Exercise instructions:
Note each line in the data holding the string "sigma" and report it.

Dataset entries:
•••
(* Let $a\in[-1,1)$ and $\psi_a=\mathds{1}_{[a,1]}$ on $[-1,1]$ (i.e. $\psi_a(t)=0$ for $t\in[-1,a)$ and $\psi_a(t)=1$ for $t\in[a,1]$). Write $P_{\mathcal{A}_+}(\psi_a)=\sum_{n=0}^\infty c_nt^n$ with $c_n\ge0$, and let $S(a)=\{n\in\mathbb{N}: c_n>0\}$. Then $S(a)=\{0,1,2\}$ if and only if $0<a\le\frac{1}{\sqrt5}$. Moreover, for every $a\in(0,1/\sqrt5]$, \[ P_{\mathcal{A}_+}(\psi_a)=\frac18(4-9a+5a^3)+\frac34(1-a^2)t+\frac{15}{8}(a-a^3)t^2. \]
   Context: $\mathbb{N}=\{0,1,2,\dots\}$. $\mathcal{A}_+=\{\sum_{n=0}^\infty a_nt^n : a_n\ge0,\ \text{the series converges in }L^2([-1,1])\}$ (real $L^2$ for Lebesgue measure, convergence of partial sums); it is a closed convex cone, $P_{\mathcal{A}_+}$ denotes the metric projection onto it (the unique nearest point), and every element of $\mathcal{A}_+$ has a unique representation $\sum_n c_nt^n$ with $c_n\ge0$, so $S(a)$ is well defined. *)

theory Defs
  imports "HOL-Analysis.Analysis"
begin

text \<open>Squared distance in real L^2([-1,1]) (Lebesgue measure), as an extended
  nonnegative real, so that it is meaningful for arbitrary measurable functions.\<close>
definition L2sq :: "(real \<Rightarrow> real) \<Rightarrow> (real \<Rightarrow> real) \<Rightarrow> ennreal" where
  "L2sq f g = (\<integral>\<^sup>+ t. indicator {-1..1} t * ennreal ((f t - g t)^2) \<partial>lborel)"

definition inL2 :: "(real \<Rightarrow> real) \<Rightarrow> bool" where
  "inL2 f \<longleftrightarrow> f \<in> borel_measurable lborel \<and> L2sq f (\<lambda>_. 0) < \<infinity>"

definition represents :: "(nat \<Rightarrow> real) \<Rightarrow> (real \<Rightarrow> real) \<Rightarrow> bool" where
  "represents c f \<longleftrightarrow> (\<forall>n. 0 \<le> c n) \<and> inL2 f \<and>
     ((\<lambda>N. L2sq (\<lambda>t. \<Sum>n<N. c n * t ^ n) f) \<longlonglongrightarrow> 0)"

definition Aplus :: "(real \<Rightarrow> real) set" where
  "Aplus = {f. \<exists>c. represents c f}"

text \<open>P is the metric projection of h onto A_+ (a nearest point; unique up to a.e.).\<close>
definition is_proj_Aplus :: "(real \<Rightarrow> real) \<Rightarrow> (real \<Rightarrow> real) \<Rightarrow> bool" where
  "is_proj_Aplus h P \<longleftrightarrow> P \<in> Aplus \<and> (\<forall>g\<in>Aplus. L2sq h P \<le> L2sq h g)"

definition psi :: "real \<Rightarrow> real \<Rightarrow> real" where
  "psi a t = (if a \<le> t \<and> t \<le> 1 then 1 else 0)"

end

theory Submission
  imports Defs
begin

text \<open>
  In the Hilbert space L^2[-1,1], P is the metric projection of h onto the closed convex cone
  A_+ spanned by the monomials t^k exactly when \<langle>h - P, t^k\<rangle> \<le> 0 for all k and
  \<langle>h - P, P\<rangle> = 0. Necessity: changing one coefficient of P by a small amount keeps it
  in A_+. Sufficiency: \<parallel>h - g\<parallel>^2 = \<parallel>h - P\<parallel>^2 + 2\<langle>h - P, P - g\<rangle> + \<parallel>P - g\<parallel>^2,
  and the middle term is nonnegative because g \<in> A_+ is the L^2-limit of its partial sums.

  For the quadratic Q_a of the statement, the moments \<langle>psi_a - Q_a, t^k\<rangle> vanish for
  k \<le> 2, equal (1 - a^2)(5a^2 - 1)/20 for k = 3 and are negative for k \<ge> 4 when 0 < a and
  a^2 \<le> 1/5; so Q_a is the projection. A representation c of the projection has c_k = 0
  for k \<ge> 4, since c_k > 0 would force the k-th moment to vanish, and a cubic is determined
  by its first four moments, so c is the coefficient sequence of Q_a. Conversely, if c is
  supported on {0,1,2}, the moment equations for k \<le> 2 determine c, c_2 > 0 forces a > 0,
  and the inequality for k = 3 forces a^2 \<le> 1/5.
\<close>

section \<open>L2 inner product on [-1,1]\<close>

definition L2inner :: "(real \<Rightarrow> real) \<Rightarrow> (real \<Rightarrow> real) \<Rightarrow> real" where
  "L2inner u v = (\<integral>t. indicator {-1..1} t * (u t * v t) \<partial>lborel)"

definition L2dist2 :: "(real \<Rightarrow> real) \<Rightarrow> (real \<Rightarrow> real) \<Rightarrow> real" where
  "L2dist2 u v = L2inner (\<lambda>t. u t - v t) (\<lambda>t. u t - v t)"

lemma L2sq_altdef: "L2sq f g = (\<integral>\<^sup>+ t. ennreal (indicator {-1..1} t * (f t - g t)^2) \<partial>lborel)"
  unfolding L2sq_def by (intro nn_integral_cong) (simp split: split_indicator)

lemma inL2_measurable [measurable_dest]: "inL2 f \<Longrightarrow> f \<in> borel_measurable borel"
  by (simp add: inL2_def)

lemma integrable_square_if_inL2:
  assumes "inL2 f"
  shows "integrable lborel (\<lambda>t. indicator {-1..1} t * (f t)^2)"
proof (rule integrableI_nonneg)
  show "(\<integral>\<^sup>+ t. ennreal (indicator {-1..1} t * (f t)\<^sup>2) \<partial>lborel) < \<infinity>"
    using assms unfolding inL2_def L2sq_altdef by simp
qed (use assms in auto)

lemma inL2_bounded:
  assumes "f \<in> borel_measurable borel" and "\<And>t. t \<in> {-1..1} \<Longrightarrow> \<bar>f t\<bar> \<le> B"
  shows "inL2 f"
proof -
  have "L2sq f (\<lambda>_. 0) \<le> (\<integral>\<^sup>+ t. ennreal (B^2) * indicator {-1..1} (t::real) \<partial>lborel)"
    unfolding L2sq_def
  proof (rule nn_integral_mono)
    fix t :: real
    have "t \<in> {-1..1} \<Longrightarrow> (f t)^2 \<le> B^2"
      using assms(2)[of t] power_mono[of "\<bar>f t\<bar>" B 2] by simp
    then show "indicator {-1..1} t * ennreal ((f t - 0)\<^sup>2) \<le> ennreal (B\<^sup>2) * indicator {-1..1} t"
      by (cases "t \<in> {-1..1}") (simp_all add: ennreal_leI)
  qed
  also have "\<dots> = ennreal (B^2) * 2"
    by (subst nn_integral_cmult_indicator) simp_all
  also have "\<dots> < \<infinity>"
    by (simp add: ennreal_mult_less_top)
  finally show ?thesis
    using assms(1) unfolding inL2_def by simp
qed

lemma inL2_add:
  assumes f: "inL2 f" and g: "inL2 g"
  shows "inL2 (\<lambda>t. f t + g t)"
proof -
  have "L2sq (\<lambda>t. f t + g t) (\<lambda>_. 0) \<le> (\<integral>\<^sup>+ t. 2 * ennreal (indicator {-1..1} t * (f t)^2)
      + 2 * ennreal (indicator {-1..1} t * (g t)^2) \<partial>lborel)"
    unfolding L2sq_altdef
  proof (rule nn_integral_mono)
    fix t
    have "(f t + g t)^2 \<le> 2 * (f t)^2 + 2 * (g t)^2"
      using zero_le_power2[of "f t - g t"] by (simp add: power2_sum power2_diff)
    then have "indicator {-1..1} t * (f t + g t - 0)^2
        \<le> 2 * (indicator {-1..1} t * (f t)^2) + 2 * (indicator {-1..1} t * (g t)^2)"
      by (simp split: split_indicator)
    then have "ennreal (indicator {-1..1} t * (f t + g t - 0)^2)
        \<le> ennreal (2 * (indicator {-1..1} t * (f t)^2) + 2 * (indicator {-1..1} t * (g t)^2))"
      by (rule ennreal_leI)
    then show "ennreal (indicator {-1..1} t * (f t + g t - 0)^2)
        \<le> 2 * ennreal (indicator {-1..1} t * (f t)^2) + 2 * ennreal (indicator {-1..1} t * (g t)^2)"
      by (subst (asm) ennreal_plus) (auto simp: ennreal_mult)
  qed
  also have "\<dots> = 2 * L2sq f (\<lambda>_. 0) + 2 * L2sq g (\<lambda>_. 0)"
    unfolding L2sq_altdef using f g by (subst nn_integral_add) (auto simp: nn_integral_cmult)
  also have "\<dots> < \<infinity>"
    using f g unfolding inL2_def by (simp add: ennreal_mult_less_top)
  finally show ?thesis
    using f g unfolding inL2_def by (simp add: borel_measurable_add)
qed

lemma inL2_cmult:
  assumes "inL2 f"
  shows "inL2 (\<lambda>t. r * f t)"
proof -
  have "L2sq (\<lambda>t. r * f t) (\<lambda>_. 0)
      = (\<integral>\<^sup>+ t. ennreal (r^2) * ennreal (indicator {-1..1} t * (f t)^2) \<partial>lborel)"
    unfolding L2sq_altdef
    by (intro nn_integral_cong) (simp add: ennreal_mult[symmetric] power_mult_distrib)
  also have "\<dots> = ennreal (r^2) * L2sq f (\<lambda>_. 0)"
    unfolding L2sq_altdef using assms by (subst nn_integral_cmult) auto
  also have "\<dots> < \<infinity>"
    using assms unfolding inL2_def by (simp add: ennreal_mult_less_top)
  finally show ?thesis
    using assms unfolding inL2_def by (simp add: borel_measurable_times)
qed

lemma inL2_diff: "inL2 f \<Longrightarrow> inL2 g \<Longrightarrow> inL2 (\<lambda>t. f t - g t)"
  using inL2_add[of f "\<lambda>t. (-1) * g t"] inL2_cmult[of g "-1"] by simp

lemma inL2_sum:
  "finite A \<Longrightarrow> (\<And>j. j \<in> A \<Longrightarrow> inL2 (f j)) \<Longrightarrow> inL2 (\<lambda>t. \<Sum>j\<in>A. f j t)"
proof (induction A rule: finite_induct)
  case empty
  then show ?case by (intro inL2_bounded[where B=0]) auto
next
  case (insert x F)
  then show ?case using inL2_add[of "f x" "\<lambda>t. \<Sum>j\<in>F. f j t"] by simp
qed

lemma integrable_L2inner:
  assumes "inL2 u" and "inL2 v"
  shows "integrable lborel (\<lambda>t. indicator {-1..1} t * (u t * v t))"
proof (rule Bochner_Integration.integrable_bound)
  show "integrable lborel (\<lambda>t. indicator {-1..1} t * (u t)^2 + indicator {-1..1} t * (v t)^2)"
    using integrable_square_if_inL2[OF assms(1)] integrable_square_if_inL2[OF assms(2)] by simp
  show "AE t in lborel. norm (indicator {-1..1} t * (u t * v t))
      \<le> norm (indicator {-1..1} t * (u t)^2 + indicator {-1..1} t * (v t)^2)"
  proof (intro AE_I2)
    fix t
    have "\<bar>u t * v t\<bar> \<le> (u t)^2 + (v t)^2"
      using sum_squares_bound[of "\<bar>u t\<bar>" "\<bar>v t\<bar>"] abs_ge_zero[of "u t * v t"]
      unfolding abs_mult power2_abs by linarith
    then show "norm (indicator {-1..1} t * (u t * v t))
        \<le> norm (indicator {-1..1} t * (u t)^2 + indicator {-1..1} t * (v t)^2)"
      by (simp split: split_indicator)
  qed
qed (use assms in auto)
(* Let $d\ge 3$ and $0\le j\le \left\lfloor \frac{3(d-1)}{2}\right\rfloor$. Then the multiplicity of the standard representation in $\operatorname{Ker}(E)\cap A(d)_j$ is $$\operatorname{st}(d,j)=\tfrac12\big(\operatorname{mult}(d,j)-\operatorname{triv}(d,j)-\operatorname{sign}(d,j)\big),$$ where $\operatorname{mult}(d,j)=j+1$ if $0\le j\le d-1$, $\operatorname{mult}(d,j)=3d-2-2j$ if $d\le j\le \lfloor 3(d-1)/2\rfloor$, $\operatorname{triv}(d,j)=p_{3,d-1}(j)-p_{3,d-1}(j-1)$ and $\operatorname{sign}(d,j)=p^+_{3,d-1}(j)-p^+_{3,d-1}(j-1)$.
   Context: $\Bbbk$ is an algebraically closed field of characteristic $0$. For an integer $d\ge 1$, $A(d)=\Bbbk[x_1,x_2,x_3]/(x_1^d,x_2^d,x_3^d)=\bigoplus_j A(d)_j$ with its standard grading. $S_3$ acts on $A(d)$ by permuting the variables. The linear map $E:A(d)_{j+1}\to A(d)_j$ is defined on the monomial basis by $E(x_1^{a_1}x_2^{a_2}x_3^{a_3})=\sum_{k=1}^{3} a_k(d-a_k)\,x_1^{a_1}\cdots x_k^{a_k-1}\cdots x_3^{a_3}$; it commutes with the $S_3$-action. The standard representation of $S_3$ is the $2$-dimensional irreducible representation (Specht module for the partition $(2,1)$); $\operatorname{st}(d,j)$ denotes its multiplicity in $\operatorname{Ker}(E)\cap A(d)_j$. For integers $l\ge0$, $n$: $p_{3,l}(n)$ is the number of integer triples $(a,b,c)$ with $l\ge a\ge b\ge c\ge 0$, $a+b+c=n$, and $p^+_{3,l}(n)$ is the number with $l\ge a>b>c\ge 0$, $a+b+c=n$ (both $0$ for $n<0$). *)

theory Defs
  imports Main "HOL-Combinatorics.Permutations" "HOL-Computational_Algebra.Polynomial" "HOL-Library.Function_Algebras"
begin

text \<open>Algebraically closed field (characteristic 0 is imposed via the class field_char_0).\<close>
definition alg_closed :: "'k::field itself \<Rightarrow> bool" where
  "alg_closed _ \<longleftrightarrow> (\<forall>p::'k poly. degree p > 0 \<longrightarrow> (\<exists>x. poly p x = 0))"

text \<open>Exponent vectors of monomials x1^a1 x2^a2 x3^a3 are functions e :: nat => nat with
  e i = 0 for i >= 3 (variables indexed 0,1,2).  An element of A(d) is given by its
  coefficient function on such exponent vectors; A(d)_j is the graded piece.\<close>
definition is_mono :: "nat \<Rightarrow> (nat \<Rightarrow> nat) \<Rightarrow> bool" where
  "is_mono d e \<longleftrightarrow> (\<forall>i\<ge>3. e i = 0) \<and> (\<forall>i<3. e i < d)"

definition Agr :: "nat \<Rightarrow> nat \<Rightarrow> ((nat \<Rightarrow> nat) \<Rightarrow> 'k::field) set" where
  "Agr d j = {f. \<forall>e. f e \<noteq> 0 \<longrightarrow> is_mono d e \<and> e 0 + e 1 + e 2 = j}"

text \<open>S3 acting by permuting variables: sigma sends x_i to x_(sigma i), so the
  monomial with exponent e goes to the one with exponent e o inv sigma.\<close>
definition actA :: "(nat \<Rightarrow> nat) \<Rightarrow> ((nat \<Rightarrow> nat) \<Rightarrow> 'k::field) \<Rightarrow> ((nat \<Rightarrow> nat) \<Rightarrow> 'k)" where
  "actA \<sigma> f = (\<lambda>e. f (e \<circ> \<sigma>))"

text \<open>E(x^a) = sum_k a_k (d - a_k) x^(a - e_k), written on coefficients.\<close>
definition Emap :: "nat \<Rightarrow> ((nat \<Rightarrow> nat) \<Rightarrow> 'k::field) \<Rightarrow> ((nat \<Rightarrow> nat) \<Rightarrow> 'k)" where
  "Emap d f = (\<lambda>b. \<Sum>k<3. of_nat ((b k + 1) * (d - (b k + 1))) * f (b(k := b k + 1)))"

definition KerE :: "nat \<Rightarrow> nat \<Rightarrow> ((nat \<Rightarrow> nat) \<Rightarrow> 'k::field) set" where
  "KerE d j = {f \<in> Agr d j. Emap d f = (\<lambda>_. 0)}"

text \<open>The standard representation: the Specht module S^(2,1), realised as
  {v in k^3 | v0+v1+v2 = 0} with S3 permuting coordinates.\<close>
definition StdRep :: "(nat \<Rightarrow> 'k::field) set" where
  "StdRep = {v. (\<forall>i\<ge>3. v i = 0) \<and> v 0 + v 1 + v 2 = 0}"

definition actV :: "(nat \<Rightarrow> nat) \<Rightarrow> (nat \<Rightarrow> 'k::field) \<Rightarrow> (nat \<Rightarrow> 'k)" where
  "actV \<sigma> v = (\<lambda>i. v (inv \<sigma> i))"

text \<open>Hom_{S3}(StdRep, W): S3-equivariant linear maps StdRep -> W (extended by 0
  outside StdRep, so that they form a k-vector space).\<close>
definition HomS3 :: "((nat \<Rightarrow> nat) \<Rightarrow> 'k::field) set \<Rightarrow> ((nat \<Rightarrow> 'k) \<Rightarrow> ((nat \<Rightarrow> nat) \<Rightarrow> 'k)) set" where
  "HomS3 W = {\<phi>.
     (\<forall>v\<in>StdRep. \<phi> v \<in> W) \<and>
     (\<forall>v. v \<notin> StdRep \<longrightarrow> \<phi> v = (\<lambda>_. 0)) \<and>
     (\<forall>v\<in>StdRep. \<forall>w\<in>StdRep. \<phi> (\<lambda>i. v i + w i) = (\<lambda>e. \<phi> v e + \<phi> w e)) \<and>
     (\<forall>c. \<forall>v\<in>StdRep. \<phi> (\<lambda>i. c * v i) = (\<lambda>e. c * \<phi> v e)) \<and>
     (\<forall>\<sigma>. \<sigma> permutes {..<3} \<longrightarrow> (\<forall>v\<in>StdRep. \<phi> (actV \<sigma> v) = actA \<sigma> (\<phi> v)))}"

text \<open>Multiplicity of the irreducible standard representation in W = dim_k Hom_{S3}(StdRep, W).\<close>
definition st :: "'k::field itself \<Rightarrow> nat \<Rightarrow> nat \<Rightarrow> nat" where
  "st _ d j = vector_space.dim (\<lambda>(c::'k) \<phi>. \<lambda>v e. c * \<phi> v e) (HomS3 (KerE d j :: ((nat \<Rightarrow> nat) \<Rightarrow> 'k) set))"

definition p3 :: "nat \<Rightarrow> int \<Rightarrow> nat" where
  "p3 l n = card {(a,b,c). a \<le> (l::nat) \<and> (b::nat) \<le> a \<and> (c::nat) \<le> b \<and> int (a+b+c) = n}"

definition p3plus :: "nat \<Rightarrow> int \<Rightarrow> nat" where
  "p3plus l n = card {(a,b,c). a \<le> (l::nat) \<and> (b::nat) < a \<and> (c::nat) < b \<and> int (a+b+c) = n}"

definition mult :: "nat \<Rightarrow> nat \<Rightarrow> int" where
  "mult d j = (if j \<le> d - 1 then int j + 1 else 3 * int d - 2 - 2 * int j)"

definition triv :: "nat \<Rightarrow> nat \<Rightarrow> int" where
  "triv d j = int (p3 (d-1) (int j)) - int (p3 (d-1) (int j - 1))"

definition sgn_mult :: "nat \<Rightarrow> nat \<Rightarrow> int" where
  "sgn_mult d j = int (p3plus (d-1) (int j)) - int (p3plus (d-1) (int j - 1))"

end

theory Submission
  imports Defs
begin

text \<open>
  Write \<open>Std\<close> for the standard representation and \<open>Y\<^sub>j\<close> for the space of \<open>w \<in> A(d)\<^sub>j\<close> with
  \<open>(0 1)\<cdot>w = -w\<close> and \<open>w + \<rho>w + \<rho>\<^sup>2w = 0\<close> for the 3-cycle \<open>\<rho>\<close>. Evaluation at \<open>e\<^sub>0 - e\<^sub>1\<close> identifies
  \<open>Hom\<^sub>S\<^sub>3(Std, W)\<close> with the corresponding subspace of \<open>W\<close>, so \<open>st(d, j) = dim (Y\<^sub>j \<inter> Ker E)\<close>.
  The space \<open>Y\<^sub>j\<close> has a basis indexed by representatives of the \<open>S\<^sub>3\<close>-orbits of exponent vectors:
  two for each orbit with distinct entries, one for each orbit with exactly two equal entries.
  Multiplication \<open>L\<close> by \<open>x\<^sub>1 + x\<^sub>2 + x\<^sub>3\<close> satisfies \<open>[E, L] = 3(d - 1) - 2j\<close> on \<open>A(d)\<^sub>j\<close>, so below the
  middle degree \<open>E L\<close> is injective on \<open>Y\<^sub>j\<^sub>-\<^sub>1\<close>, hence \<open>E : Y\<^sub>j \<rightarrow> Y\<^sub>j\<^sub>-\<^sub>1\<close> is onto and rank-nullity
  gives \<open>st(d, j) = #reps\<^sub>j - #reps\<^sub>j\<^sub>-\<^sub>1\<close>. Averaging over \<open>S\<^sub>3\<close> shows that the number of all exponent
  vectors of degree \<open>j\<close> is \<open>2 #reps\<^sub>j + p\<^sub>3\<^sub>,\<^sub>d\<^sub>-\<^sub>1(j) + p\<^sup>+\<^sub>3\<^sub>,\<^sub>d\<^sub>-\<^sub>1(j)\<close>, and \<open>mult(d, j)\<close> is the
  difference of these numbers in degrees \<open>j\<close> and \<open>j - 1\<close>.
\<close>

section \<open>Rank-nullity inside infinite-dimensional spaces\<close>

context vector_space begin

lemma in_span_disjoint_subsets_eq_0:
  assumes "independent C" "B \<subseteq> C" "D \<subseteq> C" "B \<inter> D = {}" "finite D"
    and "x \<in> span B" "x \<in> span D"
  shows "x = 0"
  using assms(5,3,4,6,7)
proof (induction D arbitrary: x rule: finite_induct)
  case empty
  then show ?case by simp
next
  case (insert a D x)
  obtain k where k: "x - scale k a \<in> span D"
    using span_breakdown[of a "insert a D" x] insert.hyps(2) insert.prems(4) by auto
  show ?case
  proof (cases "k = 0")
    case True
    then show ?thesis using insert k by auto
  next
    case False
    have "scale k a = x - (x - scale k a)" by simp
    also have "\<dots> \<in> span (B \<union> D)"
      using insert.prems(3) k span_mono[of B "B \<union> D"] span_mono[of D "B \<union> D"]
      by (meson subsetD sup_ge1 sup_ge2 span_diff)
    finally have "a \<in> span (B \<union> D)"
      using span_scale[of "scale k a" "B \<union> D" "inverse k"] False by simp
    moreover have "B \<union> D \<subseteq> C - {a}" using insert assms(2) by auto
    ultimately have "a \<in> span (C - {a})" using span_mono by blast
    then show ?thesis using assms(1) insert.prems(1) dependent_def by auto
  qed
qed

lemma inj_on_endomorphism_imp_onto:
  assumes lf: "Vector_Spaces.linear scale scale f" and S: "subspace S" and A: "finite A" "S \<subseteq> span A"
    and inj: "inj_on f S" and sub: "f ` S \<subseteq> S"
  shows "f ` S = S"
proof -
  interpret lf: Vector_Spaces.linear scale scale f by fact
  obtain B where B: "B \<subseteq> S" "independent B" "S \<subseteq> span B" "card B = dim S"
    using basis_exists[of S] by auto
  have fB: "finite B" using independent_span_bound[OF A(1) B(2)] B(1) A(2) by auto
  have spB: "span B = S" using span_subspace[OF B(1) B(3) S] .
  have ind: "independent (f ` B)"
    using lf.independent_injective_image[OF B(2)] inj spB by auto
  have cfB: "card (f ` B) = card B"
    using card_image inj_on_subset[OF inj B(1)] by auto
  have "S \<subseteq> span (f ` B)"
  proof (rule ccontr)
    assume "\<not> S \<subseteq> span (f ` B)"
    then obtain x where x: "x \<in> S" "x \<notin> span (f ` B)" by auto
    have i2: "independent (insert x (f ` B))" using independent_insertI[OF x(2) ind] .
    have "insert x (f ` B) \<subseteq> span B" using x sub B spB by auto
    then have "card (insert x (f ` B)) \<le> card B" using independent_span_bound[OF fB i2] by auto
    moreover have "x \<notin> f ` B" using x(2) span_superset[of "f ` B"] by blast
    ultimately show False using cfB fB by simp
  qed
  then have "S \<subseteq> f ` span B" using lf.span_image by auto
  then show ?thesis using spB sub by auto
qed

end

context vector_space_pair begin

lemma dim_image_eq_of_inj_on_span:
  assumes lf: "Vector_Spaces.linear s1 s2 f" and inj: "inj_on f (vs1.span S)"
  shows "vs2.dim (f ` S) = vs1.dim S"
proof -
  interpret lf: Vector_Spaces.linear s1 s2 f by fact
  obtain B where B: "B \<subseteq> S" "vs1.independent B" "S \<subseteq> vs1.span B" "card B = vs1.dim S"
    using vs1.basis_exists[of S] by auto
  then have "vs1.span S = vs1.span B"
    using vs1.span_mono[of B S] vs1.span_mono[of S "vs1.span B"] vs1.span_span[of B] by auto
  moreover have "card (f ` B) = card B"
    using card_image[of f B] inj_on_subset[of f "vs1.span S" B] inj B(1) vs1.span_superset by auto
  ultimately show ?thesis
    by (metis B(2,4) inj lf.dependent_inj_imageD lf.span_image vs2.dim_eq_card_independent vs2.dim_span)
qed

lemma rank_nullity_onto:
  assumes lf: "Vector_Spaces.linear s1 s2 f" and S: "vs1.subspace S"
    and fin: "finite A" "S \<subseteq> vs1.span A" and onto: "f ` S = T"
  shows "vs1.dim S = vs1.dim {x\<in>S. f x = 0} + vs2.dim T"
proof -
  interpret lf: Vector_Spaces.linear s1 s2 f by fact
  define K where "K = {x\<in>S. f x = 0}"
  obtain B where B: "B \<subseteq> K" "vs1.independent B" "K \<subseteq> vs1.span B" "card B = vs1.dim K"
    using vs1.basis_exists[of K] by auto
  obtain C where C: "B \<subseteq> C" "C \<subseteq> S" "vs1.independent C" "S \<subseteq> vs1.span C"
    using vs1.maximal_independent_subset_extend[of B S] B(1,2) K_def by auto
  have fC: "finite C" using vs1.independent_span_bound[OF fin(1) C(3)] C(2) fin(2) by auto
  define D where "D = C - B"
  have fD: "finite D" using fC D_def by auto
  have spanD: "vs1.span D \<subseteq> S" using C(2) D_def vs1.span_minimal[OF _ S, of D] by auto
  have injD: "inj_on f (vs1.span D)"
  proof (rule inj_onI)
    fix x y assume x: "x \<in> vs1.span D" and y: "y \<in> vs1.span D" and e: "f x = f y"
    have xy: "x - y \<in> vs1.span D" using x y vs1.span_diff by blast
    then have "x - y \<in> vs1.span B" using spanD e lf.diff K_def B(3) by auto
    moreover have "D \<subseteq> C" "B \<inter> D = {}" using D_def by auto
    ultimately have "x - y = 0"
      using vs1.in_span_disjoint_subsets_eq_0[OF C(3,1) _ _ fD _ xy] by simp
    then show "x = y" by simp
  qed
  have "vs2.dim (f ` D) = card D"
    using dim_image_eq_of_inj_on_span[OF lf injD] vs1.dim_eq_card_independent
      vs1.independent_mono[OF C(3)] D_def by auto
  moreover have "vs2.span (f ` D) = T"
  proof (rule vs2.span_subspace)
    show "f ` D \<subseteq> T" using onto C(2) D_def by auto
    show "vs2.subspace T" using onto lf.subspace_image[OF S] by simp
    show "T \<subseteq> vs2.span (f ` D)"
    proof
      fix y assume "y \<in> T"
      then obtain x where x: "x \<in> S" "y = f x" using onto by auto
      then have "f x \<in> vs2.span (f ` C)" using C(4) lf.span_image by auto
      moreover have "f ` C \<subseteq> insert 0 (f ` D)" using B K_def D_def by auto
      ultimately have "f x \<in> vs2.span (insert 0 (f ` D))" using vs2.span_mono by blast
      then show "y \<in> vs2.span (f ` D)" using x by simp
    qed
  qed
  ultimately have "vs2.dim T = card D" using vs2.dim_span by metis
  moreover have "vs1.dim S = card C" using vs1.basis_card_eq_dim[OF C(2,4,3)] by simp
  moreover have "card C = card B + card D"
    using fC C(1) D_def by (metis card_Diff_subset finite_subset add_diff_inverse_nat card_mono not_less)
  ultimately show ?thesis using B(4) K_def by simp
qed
•••
Result for this exercise:
text \<open>S3 acting by permuting variables: sigma sends x_i to x_(sigma i), so the
  monomial with exponent e goes to the one with exponent e o inv sigma.\<close>
  "actA \<sigma> f = (\<lambda>e. f (e \<circ> \<sigma>))"
  "actV \<sigma> v = (\<lambda>i. v (inv \<sigma> i))"
     (\<forall>\<sigma>. \<sigma> permutes {..<3} \<longrightarrow> (\<forall>v\<in>StdRep. \<phi> (actV \<sigma> v) = actA \<sigma> (\<phi> v)))}"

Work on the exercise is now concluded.